See Understanding Heroku Postgres Out of Memory Errors for more details.
Extremely Complex Querying
Sort and hash operations each allocate up towork_mem. A single complex query can allocate multiples of work_mem if it contains several sorts of hash nodes. Sort operations arise from ORDER BY, DISTINCT, and merge joins. Hash operations arise from hash joins, hash aggregations, and IN subqueries. A single complex query can trigger several of these operations simultaneously. This memory pressure multiplies with concurrent connections that run memory-intensive operations.
Ruby, ActiveRecord, and Prepared Statements
Prepared statements allow Postgres to parse a query once and reuse it efficiently. However, many ORMs don’t construct prepared statements effectively and create a separate prepared statement for each distinct parameter in a query. For example, let’s say our app allows its users to select products from a product table by ID. If customer A selects two products, ActiveRecord defines a query and creates a prepared statement:
SELECT * FROM products WHERE id IN ($1, $2);
If customer B, in the same app, for the same query, selects four products instead of two, ActiveRecord creates a new prepared statement:
SELECT * FROM products WHERE id IN ($1, $2, $3, $4);
Because these are distinct queries, the prepared statement cache grows depending on the variability in the IN clause, consuming significant memory over time. Consider disabling prepared statements or adjusting the number of prepared statements that your app caches.

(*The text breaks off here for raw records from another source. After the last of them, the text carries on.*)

lemma precedes_total:
  assumes \<sigma>: "\<sigma> \<in> orderings Eb" and "e \<in> Eb" and "f \<in> Eb" and "e \<noteq> f"
  shows "precedes \<sigma> e f \<or> precedes \<sigma> f e"
proof -
  obtain i where i: "i \<in> {1..m}" "\<sigma> i = e"
    by (rule orderings_surj[OF \<sigma> \<open>e \<in> Eb\<close>])
  obtain j where j: "j \<in> {1..m}" "\<sigma> j = f"
    by (rule orderings_surj[OF \<sigma> \<open>f \<in> Eb\<close>])
  note ij = i j
  then have "i \<noteq> j"
    using \<open>e \<noteq> f\<close> by auto
  then have "i < j \<or> j < i"
    by linarith
  with ij show ?thesis
    unfolding precedes_def by blast
qed

definition ordering_config :: "(nat \<Rightarrow> 'v \<times> 'v) \<Rightarrow> 'v \<times> 'v \<Rightarrow> nat" where
  "ordering_config \<sigma> g = (if g \<in> Eb \<and> (g \<in> bd \<or> (\<exists>e. nbr g e \<and> precedes \<sigma> e g)) then 1 else 0)"

lemma sim_covers_all:
  assumes \<sigma>: "\<sigma> \<in> orderings Eb"
  shows "snd (sim B Eb \<sigma> m) = Eb"
proof -
  have "\<sigma> ` {1..m} \<subseteq> Eb"
    using orderings_in_edges[OF \<sigma>] by blast
  then have "snd (sim B Eb \<sigma> m) = bd \<union> {g \<in> Eb. \<exists>k\<in>{1..m}. \<sigma> k = g \<or> nbr g (\<sigma> k)}"
    by (rule sim_covered)
  also have "{g \<in> Eb. \<exists>k\<in>{1..m}. \<sigma> k = g \<or> nbr g (\<sigma> k)} = Eb"
  proof -
    have "\<exists>k\<in>{1..m}. \<sigma> k = g \<or> nbr g (\<sigma> k)" if "g \<in> Eb" for g
      by (rule orderings_surj[OF \<sigma> that]) auto
    then show ?thesis
      by blast
  qed
  finally show ?thesis
    using bd_subset by blast
qed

Disabling Prepared Statements in Rails
To disable prepared statements, update your config/database.yml file to include the prepared_statements parameter:
production:
adapter: postgresql
prepared_statements: false
To adjust the size of the prepared statement cache, update your config/database.yml file to include the statement_limit parameter (defaults to 1000).
production:
adapter: postgresql
statement_limit: 200
Too Many Connections
Each Postgres connection allocates memory for its backend process regardless of whether it’s actively executing a query. Many idle connections can exhaust the available RAM before hitting the connection limit. Use a connection pooler such as PgBouncer to reuse and reduce the number of Postgres connections to the database.
Database Plan is Too Small
If query and connection optimizations don’t resolve the OOM errors, it’s possible your database plan doesn’t have enough memory for your workload. Consider upgrading to a higher plan.